Hukum bekerja dan Gaji Pegawai Bank dalam Islam



Hukum Gaji Pegawai Bank Konvensional dalam Islam



Menurut para ulama bahwa gaji sesuai pengertian bank konvensional di bank bank konvensional secara mutlak tidak diperbolehkan, karena termasuk memakan harta riba, atau menuliskannya, atau menyaksikannya, atau membantu mereka yang bermuamalah dengannya. Sejumlah ulama besar telah mengeluarkan fatwa haramnya gaji di bank bank konvensional, meskipun pekerjaannya tidak berkaitan secara langsung dengan riba, seperti satpam, petugas kebersihan, pelayanan.


gaji di bank ribawi hukumnya haram sebab termasuk macam macam riba dalam ekonomi islam, karena hal ini berarti tolong menolong dalam dosa dan permusuhan sebagaimana yang diterangkan dalam sebuah ayat dan sebuah hadits. Oleh karena itu, wajib bagi setiap muslim menjauhi riba dan segala perbuatan yang bisa membantu riba. Kita wajib bertakwa (takut) kepada Allah Subhanahu wa Ta’ala dalam masalah ini. Dan Allah Subhanahu wa Ta’ala Maha Penolong.
Fatwa Lajnah Daimah 15/41:


(seorang muslim tidak boleh gaji di bank yang bermuamalah dengan riba, meskipun pekerjaannya tidak langsung berkaitan dengan riba, tetapi karena dia menyediakan keperluan para pegawai yang bermuamalah dengan riba dan bantuan yang mereka perlukan untuk muamalah riba. Allah Ta’alaa berfirman: (janganlah kalian tolong menolong dalam dosa dan permusuhan) (QS Al Maidah:2).
Lajnah Daimah pernah ditanya (15/38): Apa hukum gaji di bank bank sehubungan dengan hukum riba menurut islam sekarang ini?


Maka Lajnah menjawab:


(Kebanyakan muamalah keuangan sekarang ini mengandung unsur riba, dan itu haram berdasarkan Al Qur’an, Sunah dan Ijma umat.
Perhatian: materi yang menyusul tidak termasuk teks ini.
(* Let $\varphi:=\frac{16}{3}\mathbb{1}-2\sqrt5 f_{24}$ and $\widetilde\varphi(t):=\varphi(-t)$ on $\mathbb{Z}/24\mathbb{Z}$, and for $a:\mathbb{Z}/24\mathbb{Z}\to[0,\infty)$ let $\mathcal N(a):=\max(9\|a\|_\infty,\|a\|_1)$. Then for every $a:\mathbb{Z}/24\mathbb{Z}\to[0,\infty)$, $$\mathcal N\big((a*\varphi)_+\big)\le2\mathcal N(a)\quad\text{and}\quad \mathcal N\big((a*\widetilde\varphi)_+\big)\le2\mathcal N(a).$$
   Context: $\mathbb{1}$ is the constant function $1$ on $\mathbb{Z}/24\mathbb{Z}$; $f_{24}(t):=\#\{j\in\mathbb{Z}/24\mathbb{Z}:j^2\equiv t\ (\mathrm{mod}\ 24)\}$; $(a*\psi)(t):=\frac1{24}\sum_{j\in\mathbb{Z}/24\mathbb{Z}}a(j)\psi(t-j)$; $x_+:=\max(x,0)$ pointwise; $\|h\|_\infty:=\max_t|h(t)|$, $\|h\|_1:=\sum_t|h(t)|$. *)

theory Defs
  imports "HOL-Analysis.Analysis" "HOL-Library.Numeral_Type"
begin

definition f24 :: "24 \<Rightarrow> real" where
  "f24 t = real (card {j :: 24. j ^ 2 = t})"

definition conv24 :: "(24 \<Rightarrow> real) \<Rightarrow> (24 \<Rightarrow> real) \<Rightarrow> 24 \<Rightarrow> real" where
  "conv24 a psi t = (1 / 24) * (\<Sum>j\<in>UNIV. a j * psi (t - j))"

definition pospart :: "(24 \<Rightarrow> real) \<Rightarrow> 24 \<Rightarrow> real" where
  "pospart h t = max (h t) 0"

definition sup_norm24 :: "(24 \<Rightarrow> real) \<Rightarrow> real" where
  "sup_norm24 h = Max (range (\<lambda>t. \<bar>h t\<bar>))"

definition l1_norm24 :: "(24 \<Rightarrow> real) \<Rightarrow> real" where
  "l1_norm24 h = (\<Sum>t\<in>UNIV. \<bar>h t\<bar>)"

definition NN :: "(24 \<Rightarrow> real) \<Rightarrow> real" where
  "NN a = max (9 * sup_norm24 a) (l1_norm24 a)"

definition phi24 :: "24 \<Rightarrow> real" where
  "phi24 t = 16 / 3 - 2 * sqrt 5 * f24 t"

definition phi24_tilde :: "24 \<Rightarrow> real" where
  "phi24_tilde t = phi24 (- t)"

end

theory Submission
  imports Defs
begin
(* Let the setting and the algorithm RandProx-CP be as in the context. Suppose that $\mu_g>0$ and $\mu_{h^*}>0$, and that $\gamma>0$, $\tau>0$, $\gamma\tau\big((1-\zeta)\|K\|^2+\omega_{\mathrm{ran}}\big)\le1$. For $t\ge0$ let $\Psi^t:=\frac{1}{\gamma}\|x^t-x^\star\|^2+(1+\omega)\big(\frac{1}{\tau}+2\mu_{h^*}\big)\|u^t-u^\star\|^2$, where $x^\star,u^\star$ are the unique primal and dual solutions. Then for every $t\ge0$, $\mathbb{E}[\Psi^t]\le c^t\Psi^0$, where $$c:=\max\left(\frac{1}{1+\gamma\mu_g},\ 1-\frac{2\tau\mu_{h^*}}{(1+\omega)(1+2\tau\mu_{h^*})}\right)=1-\min\left(\frac{\gamma\mu_g}{1+\gamma\mu_g},\ \frac{2\tau\mu_{h^*}}{(1+\omega)(1+2\tau\mu_{h^*})}\right)<1.$$ Moreover, $(x^t)$ and $(\hat{x}^t)$ both converge to $x^\star$ and $(u^t)$ converges to $u^\star$, almost surely.
   Context: $\mathcal{X},\mathcal{U}$ finite-dimensional real Hilbert spaces, $K:\mathcal{X}\to\mathcal{U}$ a nonzero linear operator with adjoint $K^*$. $g:\mathcal{X}\to\mathbb{R}\cup\{+\infty\}$, $h:\mathcal{U}\to\mathbb{R}\cup\{+\infty\}$ proper closed convex; $g$ is $\mu_g$-strongly convex and the conjugate $h^*$ is $\mu_{h^*}$-strongly convex (a convex $\phi$ is $\mu$-strongly convex if $\phi-\frac{\mu}{2}\|\cdot\|^2$ is convex). $\mathrm{prox}_{\gamma\phi}(x):=\arg\min_{x'}(\gamma\phi(x')+\frac12\|x'-x\|^2)$. Primal problem: minimize $g(x)+h(Kx)$; dual: minimize $g^*(-K^*u)+h^*(u)$. It is assumed there exists $(x^\star,u^\star)$ with $0\in\partial g(x^\star)+K^*u^\star$, $0\in-Kx^\star+\partial h^*(u^\star)$. Algorithm RandProx-CP: inputs $x^0\in\mathcal{X}$, $u^0\in\mathcal{U}$, $\gamma>0,\tau>0,\omega\ge0$; $\hat{x}^0:=\mathrm{prox}_{\gamma g}(x^0-\gamma K^*u^0)$; for $t\ge0$: $d^t:=\mathcal{R}^t\big(\mathrm{prox}_{\tau h^*}(u^t+\tau K\hat{x}^t)-u^t\big)$; $u^{t+1}:=u^t+\frac{1}{1+\omega}d^t$; $x^{t+1}:=\hat{x}^t-\gamma K^*d^t$; $\hat{x}^{t+1}:=\mathrm{prox}_{\gamma g}\big(\hat{x}^t-\gamma K^*(u^{t+1}+d^t)\big)$ (equivalently $\hat{x}^{t+1}=\mathrm{prox}_{\gamma g}(x^{t+1}-\gamma K^*u^{t+1})$). With $\mathcal{F}_t$ the $\sigma$-algebra generated by $(x^0,u^0),\dots,(x^t,u^t)$ and $r^t:=\mathrm{prox}_{\tau h^*}(u^t+\tau K\hat{x}^t)-u^t$, the random estimate $\mathcal{R}^t(r^t)$ satisfies $\mathbb{E}[\mathcal{R}^t(r^t)\mid\mathcal{F}_t]=r^t$, $\mathbb{E}[\|\mathcal{R}^t(r^t)-r^t\|^2\mid\mathcal{F}_t]\le\omega\|r^t\|^2$, $\mathbb{E}[\|K^*(\mathcal{R}^t(r^t)-r^t)\|^2\mid\mathcal{F}_t]\le\omega_{\mathrm{ran}}\|r^t\|^2-\zeta\|K^*r^t\|^2$, for constants $\omega_{\mathrm{ran}}\ge0$, $\zeta\in[0,1]$. *)

theory Defs
  imports "HOL-Analysis.Analysis" "HOL-Probability.Probability"
begin

definition proper_fun :: "('a \<Rightarrow> ereal) \<Rightarrow> bool" where
  "proper_fun \<phi> \<longleftrightarrow> (\<forall>x. \<phi> x \<noteq> -\<infinity>) \<and> (\<exists>x. \<phi> x \<noteq> \<infinity>)"

text \<open>closed = lower semicontinuous = closed epigraph\<close>
definition closed_fun :: "('a::topological_space \<Rightarrow> ereal) \<Rightarrow> bool" where
  "closed_fun \<phi> \<longleftrightarrow> closed {(x, s::real). \<phi> x \<le> ereal s}"

definition convex_fun :: "('a::real_vector \<Rightarrow> ereal) \<Rightarrow> bool" where
  "convex_fun \<phi> \<longleftrightarrow> (\<forall>x y l. 0 < l \<and> l < 1 \<longrightarrow>
      \<phi> ((1 - l) *\<^sub>R x + l *\<^sub>R y) \<le> ereal (1 - l) * \<phi> x + ereal l * \<phi> y)"

definition strongly_convex :: "real \<Rightarrow> ('a::real_normed_vector \<Rightarrow> ereal) \<Rightarrow> bool" where
  "strongly_convex \<mu> \<phi> \<longleftrightarrow> convex_fun (\<lambda>x. \<phi> x - ereal (\<mu> / 2 * (norm x)\<^sup>2))"

definition conj_fun :: "('a::real_inner \<Rightarrow> ereal) \<Rightarrow> 'a \<Rightarrow> ereal" where
  "conj_fun \<phi> u = (SUP x. ereal (inner u x) - \<phi> x)"

text \<open>Subdifferential (empty outside the domain)\<close>
definition subdiff :: "('a::real_inner \<Rightarrow> ereal) \<Rightarrow> 'a \<Rightarrow> 'a set" where
  "subdiff \<phi> x = {v. \<bar>\<phi> x\<bar> \<noteq> \<infinity> \<and> (\<forall>y. \<phi> x + ereal (inner v (y - x)) \<le> \<phi> y)}"

definition prox :: "real \<Rightarrow> ('a::real_normed_vector \<Rightarrow> ereal) \<Rightarrow> 'a \<Rightarrow> 'a" where
  "prox \<gamma> \<phi> x = (THE p. \<forall>y. ereal \<gamma> * \<phi> p + ereal ((norm (p - x))\<^sup>2 / 2)
                              \<le> ereal \<gamma> * \<phi> y + ereal ((norm (y - x))\<^sup>2 / 2))"

definition gen_filtration :: "'w measure \<Rightarrow> (nat \<Rightarrow> 'w \<Rightarrow> 'x::topological_space)
    \<Rightarrow> (nat \<Rightarrow> 'w \<Rightarrow> 'u::topological_space) \<Rightarrow> nat \<Rightarrow> 'w measure" where
  "gen_filtration M x u t = sigma (space M)
     ((\<Union>s\<le>t. {x s -` A \<inter> space M | A. A \<in> sets borel})
      \<union> (\<Union>s\<le>t. {u s -` B \<inter> space M | B. B \<in> sets borel}))"

end

(* The Lyapunov function Psi t = |x t - xs|^2 / gamma + (1 + omega) (1 / tau + 2 mu_h) |u t - us|^2
   contracts in conditional expectation. Given the past, the next iterate is its conditional mean
   (xhat t - gamma (adjoint K) (r t), u t + r t / (1 + omega)), where r t is the exact dual step,
   plus the centred error of the estimate d t. Strong monotonicity of the proximal maps of g and
   of conj h, which comes from their strong convexity, bounds Psi at the conditional mean plus
   the two variance bounds by c Psi t once the step-size condition absorbs the terms in
   adjoint K; the cross term has mean zero by unbiasedness. Hence E Psi t <= c^t Psi 0. Since
   the c^t are summable, so is Psi t almost surely, hence Psi t -> 0, which gives x t -> xs and
   u t -> us, and xhat t -> xs by continuity of the proximal map. Strong convexity also
   identifies the primal and dual minimisers xs, us with the saddle point. *)

theory Submission
  imports Defs
begin

section \<open>Strong convexity and subgradients\<close>

lemma norm_convex_combination_sq:
  fixes x y :: "'a::real_inner"
  shows "(norm ((1 - l) *\<^sub>R x + l *\<^sub>R y))\<^sup>2
           = (1 - l) * (norm x)\<^sup>2 + l * (norm y)\<^sup>2 - l * (1 - l) * (norm (x - y))\<^sup>2"
  by (simp add: power2_norm_eq_inner inner_add_left inner_add_right inner_diff_left
      inner_diff_right inner_commute algebra_simps)

lemma norm_sq_add_eq:
  fixes a b :: "'a::real_inner"
  shows "(norm (a + b))\<^sup>2 = (norm a)\<^sup>2 + 2 * inner a b + (norm b)\<^sup>2"
  by (simp add: power2_norm_eq_inner inner_add_left inner_add_right inner_commute)

lemma norm_sq_diff_eq:
  fixes a b :: "'a::real_inner"
  shows "(norm (a - b))\<^sup>2 = (norm a)\<^sup>2 - 2 * inner a b + (norm b)\<^sup>2"
  by (simp add: power2_norm_eq_inner inner_diff_left inner_diff_right inner_commute)

lemma norm_sq_add_le:
  fixes a b :: "'a::real_inner"
  shows "(norm (a + b))\<^sup>2 \<le> 2 * (norm a)\<^sup>2 + 2 * (norm b)\<^sup>2"
  using norm_sq_add_eq[of a b] norm_sq_diff_eq[of a b] zero_le_power2[of "norm (a - b)"] by linarith

lemma norm_midpoint_diff_sq:
  fixes x y z :: "'a::real_inner"
  shows "(norm ((1 / 2) *\<^sub>R (x + y) - z))\<^sup>2
           = ((norm (x - z))\<^sup>2 + (norm (y - z))\<^sup>2) / 2 - (norm (x - y))\<^sup>2 / 4"
proof -
  have "(1 / 2 :: real) *\<^sub>R z + (1 / 2) *\<^sub>R z = z"
    by (metis scaleR_add_left field_sum_of_halves scaleR_one)
  then have eq: "(1 / 2) *\<^sub>R (x + y) - z = (1 - 1 / 2) *\<^sub>R (x - z) + (1 / 2 :: real) *\<^sub>R (y - z)"
    by (simp add: algebra_simps)
  show ?thesis
    unfolding eq norm_convex_combination_sq by (simp add: algebra_simps)
qed

lemma strongly_convex_zero_iff [simp]: "strongly_convex 0 \<phi> \<longleftrightarrow> convex_fun \<phi>"
  by (simp add: strongly_convex_def)

lemma strongly_convex_combination_le:
  fixes \<phi> :: "'a::real_inner \<Rightarrow> ereal"
  assumes sc: "strongly_convex \<mu> \<phi>" and x: "\<phi> x = ereal a" and y: "\<phi> y = ereal b"
    and l: "0 < l" "l < 1"
  shows "\<phi> ((1 - l) *\<^sub>R x + l *\<^sub>R y)
           \<le> ereal ((1 - l) * a + l * b - \<mu> / 2 * l * (1 - l) * (norm (x - y))\<^sup>2)"
proof -
  define z where "z = (1 - l) *\<^sub>R x + l *\<^sub>R y"
  have "\<phi> z - ereal (\<mu> / 2 * (norm z)\<^sup>2)
      \<le> ereal (1 - l) * (\<phi> x - ereal (\<mu> / 2 * (norm x)\<^sup>2))
         + ereal l * (\<phi> y - ereal (\<mu> / 2 * (norm y)\<^sup>2))"
    using sc l unfolding strongly_convex_def convex_fun_def z_def by blast
  also have "\<dots> = ereal ((1 - l) * a + l * b - \<mu> / 2 * l * (1 - l) * (norm (x - y))\<^sup>2
                        - \<mu> / 2 * (norm z)\<^sup>2)"
    unfolding z_def norm_convex_combination_sq by (simp add: x y field_simps)
  finally show ?thesis
    unfolding z_def[symmetric] by (cases "\<phi> z") simp_all
qed

lemma ereal_convex_combination_le_shifted:
  fixes a b c :: ereal
  assumes l: "0 < l" "l < 1"
    and shifted: "c - ereal nz \<le> ereal (1 - l) * (a - ereal nx) + ereal l * (b - ereal ny)"
    and nz: "nz \<le> (1 - l) * nx + l * ny"
  shows "c \<le> ereal (1 - l) * a + ereal l * b"
proof (cases "a = \<infinity> \<or> b = \<infinity>")
  case True
  then show ?thesis
    using l by (cases a; cases b) auto
next
  case False
  then consider (finite) ra rb where "a = ereal ra" "b = ereal rb"
    | (minf) "a = -\<infinity> \<or> b = -\<infinity>"
    by (cases a; cases b) auto
  then show ?thesis
  proof cases
    case finite
    have fin: "c - ereal nz \<le> ereal ((1 - l) * (ra - nx) + l * (rb - ny))"
      using shifted finite by simp
    show ?thesis
    proof (cases c)
      case (real rc)
      have "rc - nz \<le> (1 - l) * ra + l * rb - ((1 - l) * nx + l * ny)"
        using fin real by (simp add: algebra_simps)
      then have "rc \<le> (1 - l) * ra + l * rb"
        using nz by linarith
      then show ?thesis
        using real finite by simp
    next
      case PInf
      then show ?thesis
        using fin by simp
    qed simp
  next
    case minf
    then have "ereal (1 - l) * (a - ereal nx) + ereal l * (b - ereal ny) = -\<infinity>"
      using False l by (cases a; cases b) auto
    then have "c - ereal nz \<le> -\<infinity>"
      using shifted by (simp only:)
    then show ?thesis
      by (cases c) auto
  qed
qed

lemma strongly_convex_imp_convex_fun:
  fixes \<phi> :: "'a::real_inner \<Rightarrow> ereal"
  assumes sc: "strongly_convex \<mu> \<phi>" and \<mu>: "\<mu> \<ge> 0"
  shows "convex_fun \<phi>"
  unfolding convex_fun_def
proof (intro allI impI)
  fix x y :: 'a and l :: real
  assume l: "0 < l \<and> l < 1"
  define z where "z = (1 - l) *\<^sub>R x + l *\<^sub>R y"
  define nx ny nz where "nx = \<mu> / 2 * (norm x)\<^sup>2" and "ny = \<mu> / 2 * (norm y)\<^sup>2"
    and "nz = \<mu> / 2 * (norm z)\<^sup>2"
  have sc_z: "\<phi> z - ereal nz \<le> ereal (1 - l) * (\<phi> x - ereal nx) + ereal l * (\<phi> y - ereal ny)"
    using sc l unfolding strongly_convex_def convex_fun_def z_def nx_def ny_def nz_def by blast
  have "nz = (1 - l) * nx + l * ny - \<mu> / 2 * (l * (1 - l) * (norm (x - y))\<^sup>2)"
    unfolding nx_def ny_def nz_def z_def norm_convex_combination_sq by (simp add: field_simps)
  moreover have "0 \<le> \<mu> / 2 * (l * (1 - l) * (norm (x - y))\<^sup>2)"
    using \<mu> l by simp
  ultimately have "nz \<le> (1 - l) * nx + l * ny"
    by linarith
  then show "\<phi> z \<le> ereal (1 - l) * \<phi> x + ereal l * \<phi> y"
    using ereal_convex_combination_le_shifted[OF _ _ sc_z] l by blast
qed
Nabi shallallahu ’alaihi wasallam telah menghukumi bahwa orang yang membantu pemakan riba dan wakil yang menuliskannya, atau yang bersaksi untuknya atau semacamnya, maka dia bersekutu dengan pemakannya dan wakilnya dalam laknat dan kutukan dari rahmat Allah.
Telah diriwayatkan dalam Shahih Muslim dan yang lain dari hadits Jabir radhiallahu ’anhu tentang cara agar tidak terjerumus dalam riba:


(Rasulullah shallallahu ’alaihi wasallam melaknat pemakan riba, pemberi makannya, penulisnya, dan para saksinya) dan beliau bersabda: (mereka sama (yakni dalam dosa)).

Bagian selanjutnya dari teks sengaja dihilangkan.